We aimed to develop a whole-genome sequencing (WGS)-based copy number variant (CNV) calling algorithm with the potential of replacing chromosomal microarray assay (CMA) for clinical diagnosis. JAX-CNV is thus developed for CNV detection from WGS data. The performance of this CNV calling algorithm was evaluated in a blinded manner on 31 samples and compared to the 112 CNVs reported by clinically validated CMAs for these 31 samples. The result showed that JAX-CNV recalled 100% of these CNVs. Besides, JAX-CNV identified an average of 30 CNVs per individual, respresenting an approximately seven-fold increase compared to calls of clinically validated CMAs. Experimental validation of 24 randomly selected CNVs showed one false positive, i.e., a false discovery rate (FDR) of 4.17%. A robustness test on lower-coverage data revealed a 100% sensitivity for CNVs larger than 300 kb (the current threshold for College of American Pathologists) down to 10× coverage. For CNVs larger than 50 kb, sensitivities were 100% for coverages deeper than 20×, 97% for 15×, and 95% for 10×. We developed a WGS-based CNV pipeline, including this newly developed CNV caller JAX-CNV, and found it capable of detecting CMA-reported CNVs at a sensitivity of 100% with about a FDR of 4%. We propose that JAX-CNV could be further examined in a multi-institutional study to justify the transition of first-tier genetic testing from CMAs to WGS. JAX-CNV is available at https://github.com/TheJacksonLaboratory/JAX-CNV.
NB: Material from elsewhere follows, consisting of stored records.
lemmas trivial_extension_simps = trivial_extension_carrier trivial_extension_mult
  trivial_extension_add trivial_extension_one trivial_extension_zero

lemma abelian_group_trivial_extension:
  fixes R (structure) and M :: "('a, 'c) module"
  assumes "module R M"
  shows "abelian_group (trivial_extension R M)"
proof -
  interpret module R M by fact
  let ?E = "trivial_extension R M"
  show ?thesis
  proof (rule abelian_groupI)
    fix x y z assume "x \<in> carrier ?E" "y \<in> carrier ?E" "z \<in> carrier ?E"
    then obtain a m b n c k where xyz: "x = (a, m)" "y = (b, n)" "z = (c, k)"
      and carr: "a \<in> carrier R" "m \<in> carrier M" "b \<in> carrier R" "n \<in> carrier M"
        "c \<in> carrier R" "k \<in> carrier M"
      by (auto simp: trivial_extension_carrier)
    show "x \<oplus>\<^bsub>?E\<^esub> y \<in> carrier ?E"
      using carr by (simp add: xyz trivial_extension_simps)
    show "x \<oplus>\<^bsub>?E\<^esub> y \<oplus>\<^bsub>?E\<^esub> z = x \<oplus>\<^bsub>?E\<^esub> (y \<oplus>\<^bsub>?E\<^esub> z)"
      using carr by (simp add: xyz trivial_extension_simps R.a_assoc M.a_assoc)
    show "x \<oplus>\<^bsub>?E\<^esub> y = y \<oplus>\<^bsub>?E\<^esub> x"
      using carr by (simp add: xyz trivial_extension_simps R.a_comm M.a_comm)
    show "\<zero>\<^bsub>?E\<^esub> \<oplus>\<^bsub>?E\<^esub> x = x"
      using carr by (simp add: xyz trivial_extension_simps)
    have "(\<ominus> a, \<ominus>\<^bsub>M\<^esub> m) \<oplus>\<^bsub>?E\<^esub> x = \<zero>\<^bsub>?E\<^esub>"
      using carr by (simp add: xyz trivial_extension_simps R.l_neg M.l_neg)
    moreover have "(\<ominus> a, \<ominus>\<^bsub>M\<^esub> m) \<in> carrier ?E"
      using carr by (simp add: trivial_extension_carrier)
    ultimately show "\<exists>y\<in>carrier ?E. y \<oplus>\<^bsub>?E\<^esub> x = \<zero>\<^bsub>?E\<^esub>" by blast
  qed (simp add: trivial_extension_simps)
qed

lemma comm_monoid_trivial_extension:
  fixes R (structure) and M :: "('a, 'c) module"
  assumes "module R M"
  shows "comm_monoid (trivial_extension R M)"
proof -
  interpret module R M by fact
  let ?E = "trivial_extension R M"
  show ?thesis
  proof (rule comm_monoidI)
    fix x y z assume "x \<in> carrier ?E" "y \<in> carrier ?E" "z \<in> carrier ?E"
    then obtain a m b n c k where xyz: "x = (a, m)" "y = (b, n)" "z = (c, k)"
      and carr: "a \<in> carrier R" "m \<in> carrier M" "b \<in> carrier R" "n \<in> carrier M"
        "c \<in> carrier R" "k \<in> carrier M"
      by (auto simp: trivial_extension_carrier)
    show "x \<otimes>\<^bsub>?E\<^esub> y \<in> carrier ?E"
      using carr by (simp add: xyz trivial_extension_simps)
    show "x \<otimes>\<^bsub>?E\<^esub> y = y \<otimes>\<^bsub>?E\<^esub> x"
      using carr by (simp add: xyz trivial_extension_simps R.m_comm M.a_comm)
    show "\<one>\<^bsub>?E\<^esub> \<otimes>\<^bsub>?E\<^esub> x = x"
      using carr by (simp add: xyz trivial_extension_simps)
    have "c \<odot>\<^bsub>M\<^esub> (a \<odot>\<^bsub>M\<^esub> n) = a \<odot>\<^bsub>M\<^esub> (c \<odot>\<^bsub>M\<^esub> n)"
      and "c \<odot>\<^bsub>M\<^esub> (b \<odot>\<^bsub>M\<^esub> m) = (b \<otimes> c) \<odot>\<^bsub>M\<^esub> m"
      and "(a \<otimes> b) \<odot>\<^bsub>M\<^esub> k = a \<odot>\<^bsub>M\<^esub> (b \<odot>\<^bsub>M\<^esub> k)"
      using carr by (simp_all add: smult_assoc1[symmetric] R.m_comm)
    then show "x \<otimes>\<^bsub>?E\<^esub> y \<otimes>\<^bsub>?E\<^esub> z = x \<otimes>\<^bsub>?E\<^esub> (y \<otimes>\<^bsub>?E\<^esub> z)"
      using carr by (simp add: xyz trivial_extension_simps R.m_assoc smult_r_distr M.a_ac)
  qed (simp add: trivial_extension_simps)
qed

lemma cring_trivial_extension:
  fixes R (structure) and M :: "('a, 'c) module"
  assumes "module R M"
  shows "cring (trivial_extension R M)"
proof -
  interpret module R M by fact
  let ?E = "trivial_extension R M"
  show ?thesis
  proof (rule cringI[OF abelian_group_trivial_extension[OF assms] comm_monoid_trivial_extension[OF assms]])
    fix x y z assume "x \<in> carrier ?E" "y \<in> carrier ?E" "z \<in> carrier ?E"
    then obtain a m b n c k where "x = (a, m)" "y = (b, n)" "z = (c, k)"
      and "a \<in> carrier R" "m \<in> carrier M" "b \<in> carrier R" "n \<in> carrier M"
        "c \<in> carrier R" "k \<in> carrier M"
      by (auto simp: trivial_extension_carrier)
    then show "(x \<oplus>\<^bsub>?E\<^esub> y) \<otimes>\<^bsub>?E\<^esub> z = x \<otimes>\<^bsub>?E\<^esub> z \<oplus>\<^bsub>?E\<^esub> y \<otimes>\<^bsub>?E\<^esub> z"
      by (simp add: trivial_extension_simps R.l_distr smult_l_distr smult_r_distr M.a_ac)
  qed
qed

lemma ring_epi_nil_kernel_trivial_extension:
  fixes R (structure) and M :: "('a, 'c) module"
  assumes "module R M"
  shows "ring_epi_nil_kernel (trivial_extension R M) R fst"
proof -
  interpret module R M by fact
  let ?E = "trivial_extension R M"
  show ?thesis
  proof (intro ring_epi_nil_kernel.intro ring_epi_nil_kernel_axioms.intro ring_hom_cringI)
    show "cring ?E" by (rule cring_trivial_extension[OF assms])
    show "cring R" by (rule R.is_cring)
    show "fst \<in> ring_hom ?E R" by (auto simp: ring_hom_def trivial_extension_simps)
    show "fst ` carrier ?E = carrier R" by (force simp: trivial_extension_carrier)
    fix x assume "x \<in> carrier ?E" and "fst x = \<zero>"
    then obtain m where "m \<in> carrier M" and x: "x = (\<zero>, m)"
      by (auto simp: trivial_extension_carrier)
    then have "x [^]\<^bsub>?E\<^esub> (2::nat) = \<zero>\<^bsub>?E\<^esub>"
      by (simp add: numeral_2_eq_2 trivial_extension_simps)
    then show "\<exists>n::nat. x [^]\<^bsub>?E\<^esub> n = \<zero>\<^bsub>?E\<^esub>" ..
  qed
qed

theorem corollary4p9:
  fixes R :: "('a, 'm) ring_scheme"
  assumes "cring R"
  shows "(\<forall>(S :: ('b, 'n) ring_scheme) (f :: 'a \<Rightarrow> 'b) (J :: 'b set).
            cring S \<and> f \<in> ring_hom R S \<and> ideal J S \<and> J \<noteq> {\<zero>\<^bsub>S\<^esub>} \<and> J \<noteq> carrier S
            \<and> J \<subseteq> nilradical S \<longrightarrow>
            (properly_zipped (amalgamation R S f J) \<longleftrightarrow> properly_zipped R))
    \<and> (\<forall>M :: ('a, 'c) module. module R M \<longrightarrow>
         (properly_zipped (trivial_extension R M) \<longleftrightarrow> properly_zipped R))"
proof (intro conjI allI impI)
  fix S :: "('b, 'n) ring_scheme" and f J
  assume "cring S \<and> f \<in> ring_hom R S \<and> ideal J S \<and> J \<noteq> {\<zero>\<^bsub>S\<^esub>} \<and> J \<noteq> carrier S
    \<and> J \<subseteq> nilradical S"
  then have "ring_epi_nil_kernel (amalgamation R S f J) R fst"
    using ring_epi_nil_kernel_amalgamation[OF assms] by blast
  then show "properly_zipped (amalgamation R S f J) \<longleftrightarrow> properly_zipped R"
    by (rule ring_epi_nil_kernel.properly_zipped_iff)
next
  fix M :: "('a, 'c) module"
  assume "module R M"
  then show "properly_zipped (trivial_extension R M) \<longleftrightarrow> properly_zipped R"
    by (rule ring_epi_nil_kernel.properly_zipped_iff[OF ring_epi_nil_kernel_trivial_extension])
qed

end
我们旨在开发一种基于全基因组测序(WGS)的拷贝数变异(CNV)调用算法,该算法有可能取代染色体微阵列检测(CMA)用于临床诊断。JAX-CNV因此被开发用于从WGS数据中检测CNV。该CNV调用算法的性能在31个样本上进行盲法评估,并与临床验证的cma对这31个样本报告的112个CNV进行比较。结果表明,JAX-CNV 100%召回了这些cnv。此外,JAX-CNV平均鉴定出每个个体30个cnv,与临床验证的cma相比,增加了约7倍。对随机选取的24个CNVs进行实验验证,结果显示1个假阳性,即错误发现率(FDR)为4.17%。对低覆盖率数据的稳健性测试显示,对于CNVs大于300 kb(目前美国病理学家学会的阈值)的100%敏感性降低到10倍覆盖率。对于大于50 kb的CNVs,覆盖度大于20×的灵敏度为100%,大于15×的灵敏度为97%,大于10×的灵敏度为95%。我们开发了一个基于wgs的CNV管道,包括这个新开发的CNV调用者JAX-CNV,并发现它能够以100%的灵敏度检测cma报告的CNV, FDR约为4%。我们建议JAX-CNV可以在一个多机构的研究中进一步研究,以证明从CMAs到WGS的一级基因检测的转变。JAX-CNV可从https://github.com/TheJacksonLaboratory/JAX-CNV获得。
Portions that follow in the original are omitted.